**Exercise goal:** Write the listing out once more, with every line exactly as it stands.

**Supplied material:**
lemma dv1_decay: obtains C where "\<And>u. norm (dv1 u) \<le> C / (1 + u^2)"
proof -
  have abs_sq: "\<bar>1 + u^2\<bar> = 1 + u^2" for u :: real by (simp add: add_pos_nonneg)
  have "continuous_on UNIV (\<lambda>u. complex_of_real (1 + u^2) * dv1 u)"
    by (intro continuous_at_imp_continuous_on ballI continuous_intros isCont_dv1)
  moreover have "norm (complex_of_real (1 + u^2) * dv1 u) \<le> 16" if "u \<notin> {-1..1}" for u
  proof -
    have u: "1 \<le> \<bar>u\<bar>" using that by auto
    then have "1 \<le> u^2" by (metis abs_le_square_iff abs_one power_one)
    have "norm (complex_of_real (1 + u^2) * dv1 u) = (1 + u^2) * norm (dv1 u)"
      by (simp only: norm_mult norm_of_real abs_sq)
    also have "\<dots> \<le> (2 * u^2) * (8 / u^2)"
      by (intro mult_mono norm_dv1_le u) (use \<open>1 \<le> u^2\<close> in auto)
    also have "\<dots> = 16" using u by simp
    finally show ?thesis .
  qed
  ultimately have "\<exists>M. \<forall>u. norm (complex_of_real (1 + u^2) * dv1 u) \<le> M"
    by (rule continuous_bounded_outside_interval)
  then obtain M where "\<And>u. norm (complex_of_real (1 + u^2) * dv1 u) \<le> M" by blast
  then have "(1 + u^2) * norm (dv1 u) \<le> M" for u by (simp only: norm_mult norm_of_real abs_sq)
  then have "norm (dv1 u) \<le> M / (1 + u^2)" for u
    by (subst pos_le_divide_eq) (simp_all add: add_pos_nonneg mult.commute)
  with that show ?thesis by blast
qed

lemma has_vector_derivative_v_t:
  assumes "s * t \<noteq> 0" shows "((\<lambda>t. v s t) has_vector_derivative v_dt s t) (at t)"
proof -
  have "((\<lambda>t. s * t) has_vector_derivative s) (at t)"
    by (auto intro!: derivative_eq_intros simp: has_real_derivative_iff_has_vector_derivative[symmetric])
  then have "((v 1 \<circ> (\<lambda>t. s * t)) has_vector_derivative (s *\<^sub>R dv1 (s * t))) (at t)"
    by (rule vector_diff_chain_at) (use has_vector_derivative_v1 assms in simp)
  then have "((\<lambda>t. complex_of_real (s^2) * v 1 (s * t)) has_vector_derivative
      (complex_of_real (s^2) * (s *\<^sub>R dv1 (s * t)))) (at t)"
    unfolding comp_def by (rule has_vector_derivative_mult_right)
  then show ?thesis
    by (simp add: v_scale[of s] v_dt_def scaleR_conv_of_real power2_eq_square power3_eq_cube mult.assoc)
qed

lemma isCont_v_t: "isCont (\<lambda>t. v s t) t"
  unfolding v_scale[of s] by (intro continuous_intros isCont_o2[where g="v 1", OF _ isCont_v1])

lemma isCont_v_dt: "isCont (\<lambda>p. v_dt (fst p) (snd p)) p"
  unfolding v_dt_def by (intro continuous_intros isCont_o2[where g=dv1, OF _ isCont_dv1])

lemma v_diff_eq_integral_v_dt:
  assumes "x \<le> y" shows "v s y - v s x = integral {x..y} (v_dt s)"
proof (cases "s = 0")
  case True
  then show ?thesis by (simp add: v_scale[of 0] v_dt_def[abs_def])
next
  case False
  have "(v_dt s has_integral v s y - v s x) {x..y}"
  proof (rule fundamental_theorem_of_calculus_interior_strong[of "{0}"])
    show "continuous_on {x..y} (v s)"
      by (rule continuous_at_imp_continuous_on) (use isCont_v_t in auto)
    fix t assume "t \<in> {x<..<y} - {0}"
    then show "(v s has_vector_derivative v_dt s t) (at t)"
      using has_vector_derivative_v_t[of s t] False by auto
  qed (use assms in auto)
  then show ?thesis by (simp add: integral_unique)
qed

**Exercise answer:**
lemma dv1_decay: obtains C where "\<And>u. norm (dv1 u) \<le> C / (1 + u^2)"
proof -
  have abs_sq: "\<bar>1 + u^2\<bar> = 1 + u^2" for u :: real by (simp add: add_pos_nonneg)
  have "continuous_on UNIV (\<lambda>u. complex_of_real (1 + u^2) * dv1 u)"
    by (intro continuous_at_imp_continuous_on ballI continuous_intros isCont_dv1)
  moreover have "norm (complex_of_real (1 + u^2) * dv1 u) \<le> 16" if "u \<notin> {-1..1}" for u
  proof -
    have u: "1 \<le> \<bar>u\<bar>" using that by auto
    then have "1 \<le> u^2" by (metis abs_le_square_iff abs_one power_one)
    have "norm (complex_of_real (1 + u^2) * dv1 u) = (1 + u^2) * norm (dv1 u)"
      by (simp only: norm_mult norm_of_real abs_sq)
    also have "\<dots> \<le> (2 * u^2) * (8 / u^2)"
      by (intro mult_mono norm_dv1_le u) (use \<open>1 \<le> u^2\<close> in auto)
    also have "\<dots> = 16" using u by simp
    finally show ?thesis .
  qed
  ultimately have "\<exists>M. \<forall>u. norm (complex_of_real (1 + u^2) * dv1 u) \<le> M"
    by (rule continuous_bounded_outside_interval)
  then obtain M where "\<And>u. norm (complex_of_real (1 + u^2) * dv1 u) \<le> M" by blast
  then have "(1 + u^2) * norm (dv1 u) \<le> M" for u by (simp only: norm_mult norm_of_real abs_sq)
  then have "norm (dv1 u) \<le> M / (1 + u^2)" for u
    by (subst pos_le_divide_eq) (simp_all add: add_pos_nonneg mult.commute)
  with that show ?thesis by blast
qed

lemma has_vector_derivative_v_t:
  assumes "s * t \<noteq> 0" shows "((\<lambda>t. v s t) has_vector_derivative v_dt s t) (at t)"
proof -
  have "((\<lambda>t. s * t) has_vector_derivative s) (at t)"
    by (auto intro!: derivative_eq_intros simp: has_real_derivative_iff_has_vector_derivative[symmetric])
  then have "((v 1 \<circ> (\<lambda>t. s * t)) has_vector_derivative (s *\<^sub>R dv1 (s * t))) (at t)"
    by (rule vector_diff_chain_at) (use has_vector_derivative_v1 assms in simp)
  then have "((\<lambda>t. complex_of_real (s^2) * v 1 (s * t)) has_vector_derivative
      (complex_of_real (s^2) * (s *\<^sub>R dv1 (s * t)))) (at t)"
    unfolding comp_def by (rule has_vector_derivative_mult_right)
  then show ?thesis
    by (simp add: v_scale[of s] v_dt_def scaleR_conv_of_real power2_eq_square power3_eq_cube mult.assoc)
qed

lemma isCont_v_t: "isCont (\<lambda>t. v s t) t"
  unfolding v_scale[of s] by (intro continuous_intros isCont_o2[where g="v 1", OF _ isCont_v1])

lemma isCont_v_dt: "isCont (\<lambda>p. v_dt (fst p) (snd p)) p"
  unfolding v_dt_def by (intro continuous_intros isCont_o2[where g=dv1, OF _ isCont_dv1])

lemma v_diff_eq_integral_v_dt:
  assumes "x \<le> y" shows "v s y - v s x = integral {x..y} (v_dt s)"
proof (cases "s = 0")
  case True
  then show ?thesis by (simp add: v_scale[of 0] v_dt_def[abs_def])
next
  case False
  have "(v_dt s has_integral v s y - v s x) {x..y}"
  proof (rule fundamental_theorem_of_calculus_interior_strong[of "{0}"])
    show "continuous_on {x..y} (v s)"
      by (rule continuous_at_imp_continuous_on) (use isCont_v_t in auto)
    fix t assume "t \<in> {x<..<y} - {0}"
    then show "(v s has_vector_derivative v_dt s t) (at t)"
      using has_vector_derivative_v_t[of s t] False by auto
  qed (use assms in auto)
  then show ?thesis by (simp add: integral_unique)
qed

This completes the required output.